So it is very weird that my last post over a year ago, I was announcing that we were expecting a little boy. I am hoping to start writing again, and hopefully at least some people will read it. But I can't promise anything that I will keep up with it either! Anywho!
So a brief catching up to do!
For about a year now I am having been Nanning/babysitting for a few different families in South Weber. Honestly it is the best gig ever!!! I started watching this little girl named Laynee, and I know in a few short months I won't be anymore. Laynee has been my best friend and the best thing that has happened to me since my son passed away. I am not sure if her parents know how much this little girl means to me. I started watching her I think just one month after Colton, and I was SUPER hesitant. She was just a baby then and now she is full on toddler! I know Colton sent her to me to help me heal. I am going to cry so hard when I have to leave for good!! She is a little cowgirl and brightens my days 3 days a week!
Nick and I now live in West Haven, and we pretty much love where we live. Cookie has a backyard now, it feels like home. The only downside is living so far away from Lauren and Nick has 50 min commute to work everyday. But it is nothing but horse land and big factories everywhere. Although, I will say in the nicest way I can, Nick and I decided when we do buy a house, we DO NOT want any neighbors. Neighbors don't really like us. I don't really know why, it might be because we have a dog or because we wake up early to go to work but it seems that we just bother people! All well, what can you do?
On the baby side of stuff, which is a pretty big part of our lives now. I found out that I have a gene mutation, there are several different factors and I have factor II. My mom has it, it is where your blood clots a lot more than normal and you are at higher risk for blood clots especially during pregnancy. One of the side effects of factor II is losing a baby after 20 weeks. I am pretty sure that is the worst side effect out there, it really doesn't get worse than that. My mom has had to deal with blood clots ever since my brother was born. Anywho, well now I am blood thinners. I have to take an aspirin everyday and give myself a shot in the stomach everyday until the baby is born and six weeks after delivery. Today was the first day that I had to give myself the shot, and I have given lots of shots to people before in various places! but on your self and in the stomach is hard! My doctors told me that this isn't the reason why Colton died, even though one of the side effects is losing a baby after 20 weeks. I was relieved because I am content with my answer being that he was needed elsewhere. I listen to the baby's heartbeat everyday on a doppler that I have at home. That has been a HUGE help, because I am a totally different person when I worry.

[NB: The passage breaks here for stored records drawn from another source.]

lemma equicorr_forms_residual_vectors:
  fixes p g :: "real vec" and \<kappa> \<rho> :: real
  assumes T: "T \<subseteq> {..<K}" and p: "p \<in> carrier_vec K" and g: "g \<in> carrier_vec K"
  defines "a \<equiv> vec K (\<lambda>k. if k \<in> T then - \<kappa> else g $ k)"
    and "b \<equiv> vec K (\<lambda>k. if k \<in> T then g $ k + \<kappa> else 0)"
    and "d \<equiv> real (card T)" and "P1 \<equiv> \<Sum>i\<in>T. p $ i" and "P \<equiv> \<Sum>i<K. p $ i"
    and "G1 \<equiv> \<Sum>i\<in>T. g $ i" and "G2 \<equiv> \<Sum>i\<in>{..<K} - T. g $ i"
    and "R1 \<equiv> \<Sum>i\<in>T. p $ i * g $ i" and "R2 \<equiv> \<Sum>i\<in>{..<K} - T. p $ i * g $ i"
    and "Q1 \<equiv> \<Sum>i\<in>T. (g $ i)\<^sup>2" and "Q2 \<equiv> \<Sum>i\<in>{..<K} - T. (g $ i)\<^sup>2"
  shows "p \<bullet> (equicorr_mat K \<rho> *\<^sub>v a) = R2 - \<kappa> * P1 + \<rho> * P * (G2 - \<kappa> * d)"
    and "a \<bullet> (equicorr_mat K \<rho> *\<^sub>v a) = Q2 + \<kappa>\<^sup>2 * d + \<rho> * (G2 - \<kappa> * d)\<^sup>2"
    and "p \<bullet> (equicorr_mat K \<rho> *\<^sub>v b) = R1 + \<kappa> * P1 + \<rho> * P * (G1 + \<kappa> * d)"
    and "b \<bullet> (equicorr_mat K \<rho> *\<^sub>v b) = Q1 + 2 * \<kappa> * G1 + \<kappa>\<^sup>2 * d + \<rho> * (G1 + \<kappa> * d)\<^sup>2"
proof -
  have a: "a \<in> carrier_vec K" and b: "b \<in> carrier_vec K"
    unfolding a_def b_def by simp_all
  note split_a = sum_vec_if_split[OF T, where f = "\<lambda>_. - \<kappa>" and h = "\<lambda>k. g $ k", folded a_def]
  note split_b = sum_vec_if_split[OF T, where f = "\<lambda>k. g $ k + \<kappa>" and h = "\<lambda>_. 0", folded b_def]
  have sum_a: "(\<Sum>i<K. a $ i) = G2 - \<kappa> * d"
    using split_a[where F = "\<lambda>_ v. v"] unfolding G2_def d_def by simp
  have sum_b: "(\<Sum>i<K. b $ i) = G1 + \<kappa> * d"
    using split_b[where F = "\<lambda>_ v. v"] unfolding G1_def d_def by (simp add: sum.distrib)
  have "(\<Sum>i\<in>T. p $ i * - \<kappa>) = - \<kappa> * P1"
    unfolding P1_def by (simp add: sum_distrib_left mult_ac)
  then show "p \<bullet> (equicorr_mat K \<rho> *\<^sub>v a) = R2 - \<kappa> * P1 + \<rho> * P * (G2 - \<kappa> * d)"
    using split_a[where F = "\<lambda>i v. p $ i * v"]
    unfolding equicorr_bilinear[OF p a] sum_a R2_def P_def by linarith
  show "a \<bullet> (equicorr_mat K \<rho> *\<^sub>v a) = Q2 + \<kappa>\<^sup>2 * d + \<rho> * (G2 - \<kappa> * d)\<^sup>2"
    using split_a[where F = "\<lambda>_ v. v * v"]
    unfolding equicorr_bilinear[OF a a] sum_a Q2_def d_def by (simp add: power2_eq_square)
  have "(\<Sum>i\<in>T. p $ i * (g $ i + \<kappa>)) = R1 + \<kappa> * P1"
    unfolding R1_def P1_def by (simp add: distrib_left sum.distrib sum_distrib_left mult_ac)
  then show "p \<bullet> (equicorr_mat K \<rho> *\<^sub>v b) = R1 + \<kappa> * P1 + \<rho> * P * (G1 + \<kappa> * d)"
    using split_b[where F = "\<lambda>i v. p $ i * v"]
    unfolding equicorr_bilinear[OF p b] sum_b P_def by simp
  show "b \<bullet> (equicorr_mat K \<rho> *\<^sub>v b) = Q1 + 2 * \<kappa> * G1 + \<kappa>\<^sup>2 * d + \<rho> * (G1 + \<kappa> * d)\<^sup>2"
    using split_b[where F = "\<lambda>_ v. v * v"]
    unfolding equicorr_bilinear[OF b b] sum_b Q1_def G1_def d_def
    by (simp add: power2_eq_square algebra_simps sum.distrib sum_distrib_left)
qed
(* If $G$ is a connected graph of maximum degree at most $3$, then $\gamma_e(G)\leq\frac{1}{3}(n(G)+2)$.
   Context: All graphs are finite, simple and undirected; $n(G)=|V(G)|$. For a graph $G$, a set $S\subseteq V(G)$, and vertices $u,v$ with $u\in S$ or $v\in S$, ${\rm dist}_{(G,S)}(u,v)$ is the minimum number of edges of a path $P$ in $G$ between $u$ and $v$ such that $S$ contains exactly one endvertex of $P$ and no internal vertex of $P$, and $\infty$ if no such path exists (so ${\rm dist}_{(G,S)}(u,u)=0$ for $u\in S$). For $u\in V(G)$, $w_{(G,S)}(u)=\sum_{v\in S}(1/2)^{{\rm dist}_{(G,S)}(u,v)-1}$ with $(1/2)^{\infty}=0$. $S$ is an exponential dominating set of $G$ if $w_{(G,S)}(u)\geq 1$ for every $u\in V(G)$, and $\gamma_e(G)$ is the minimum cardinality of an exponential dominating set of $G$. *)

theory Defs
  imports Complex_Main "HOL-Library.Extended_Nat"
begin

definition simple_graph :: "'a set \<Rightarrow> ('a \<Rightarrow> 'a \<Rightarrow> bool) \<Rightarrow> bool" where
  "simple_graph V E \<longleftrightarrow> finite V \<and> (\<forall>u v. E u v \<longrightarrow> u \<in> V \<and> v \<in> V)
     \<and> (\<forall>u v. E u v \<longrightarrow> E v u) \<and> (\<forall>u. \<not> E u u)"

definition connected_graph :: "'a set \<Rightarrow> ('a \<Rightarrow> 'a \<Rightarrow> bool) \<Rightarrow> bool" where
  "connected_graph V E \<longleftrightarrow> (\<forall>u\<in>V. \<forall>v\<in>V. E\<^sup>*\<^sup>* u v)"

definition degree :: "'a set \<Rightarrow> ('a \<Rightarrow> 'a \<Rightarrow> bool) \<Rightarrow> 'a \<Rightarrow> nat" where
  "degree V E u = card {v\<in>V. E u v}"

definition is_path :: "'a set \<Rightarrow> ('a \<Rightarrow> 'a \<Rightarrow> bool) \<Rightarrow> 'a list \<Rightarrow> bool" where
  "is_path V E p \<longleftrightarrow> p \<noteq> [] \<and> set p \<subseteq> V \<and> distinct p
     \<and> (\<forall>i. Suc i < length p \<longrightarrow> E (p ! i) (p ! Suc i))"

definition S_path :: "'a set \<Rightarrow> ('a \<Rightarrow> 'a \<Rightarrow> bool) \<Rightarrow> 'a set \<Rightarrow> 'a \<Rightarrow> 'a \<Rightarrow> 'a list \<Rightarrow> bool" where
  "S_path V E S u v p \<longleftrightarrow> is_path V E p \<and> hd p = u \<and> last p = v
     \<and> card (S \<inter> {hd p, last p}) = 1
     \<and> set (butlast (tl p)) \<inter> S = {}"

definition distS :: "'a set \<Rightarrow> ('a \<Rightarrow> 'a \<Rightarrow> bool) \<Rightarrow> 'a set \<Rightarrow> 'a \<Rightarrow> 'a \<Rightarrow> enat" where
  "distS V E S u v =
     (if \<exists>p. S_path V E S u v p
      then enat (LEAST k. \<exists>p. S_path V E S u v p \<and> length p = Suc k)
      else \<infinity>)"

text \<open>(1/2)^(d-1) with (1/2)^\<infinity> = 0; written as 2 * (1/2)^d to allow d = 0.\<close>
definition exp_weight :: "'a set \<Rightarrow> ('a \<Rightarrow> 'a \<Rightarrow> bool) \<Rightarrow> 'a set \<Rightarrow> 'a \<Rightarrow> real" where
  "exp_weight V E S u =
     (\<Sum>v\<in>S. (case distS V E S u v of enat d \<Rightarrow> 2 * (1/2) ^ d | \<infinity> \<Rightarrow> 0))"

definition exp_dominating :: "'a set \<Rightarrow> ('a \<Rightarrow> 'a \<Rightarrow> bool) \<Rightarrow> 'a set \<Rightarrow> bool" where
  "exp_dominating V E S \<longleftrightarrow> S \<subseteq> V \<and> (\<forall>u\<in>V. exp_weight V E S u \<ge> 1)"

definition gamma_e :: "'a set \<Rightarrow> ('a \<Rightarrow> 'a \<Rightarrow> bool) \<Rightarrow> nat" where
  "gamma_e V E = (LEAST k. \<exists>S. exp_dominating V E S \<and> card S = k)"

end

theory Submission
  imports Defs
begin

text \<open>Take a spanning tree of \<open>G\<close>, rooted at a non-cut vertex of degree one in the tree, in
  which every vertex has at most two children (here \<open>\<Delta>(G) \<le> 3\<close> is used). One proves the stronger
  statement that for every set \<open>F\<close> of leaves (and possibly the root) some exponential dominating
  set \<open>S \<supseteq> F\<close> has \<open>3|S| \<le> n + 2 + |F|\<close>, by induction on \<open>n\<close>: near a deepest leaf a small union of
  subtrees is removed, the statement is applied to the rest, and few vertices are added. When the
  removed part hangs off a vertex \<open>v\<close>, one may force \<open>v\<close> into the smaller solution and then trade
  it for two of its children, which together receive at least the weight \<open>v\<close> sent. Restricting
  to a vertex subset only removes admissible paths, so weights computed in a part are lower
  bounds for weights in \<open>G\<close>.\<close>

section \<open>Weights along admissible paths\<close>

definition dist_weight :: "enat \<Rightarrow> real" where
  "dist_weight d = (case d of enat k \<Rightarrow> 2 * (1/2) ^ k | \<infinity> \<Rightarrow> 0)"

"Life is great" as my Grandpa Bennett would say. Life really is great. But honestly life is very hard. I catch myself sitting on the computer clicking on pictures of my family and my son and just completely crying uncontrollably. Then other times, I am so happy because I know what I have! I know what I have to look forward too, here on earth and in Heaven. I gave a talk a couple of Sunday's ago and I said, I have never felt the veil so thin in my life! I thought it would go away as time healed my wounds but it didn't, I feel as if I am serving a mission right along side with Colton. I appreciate that I have that opportunity.
I wrote my Grandma Evans a letter right before she passed, and my Aunt Connie read it to her while she was lying in bed. One of the things I told her to ask was too ask Heavenly Father and Colton to please send Colton a little brother or sister, and here we are 10 months later expecting. I also asked her to give the Savior a hug for me, and these past 10 months and have felt the Savior give me a hug back.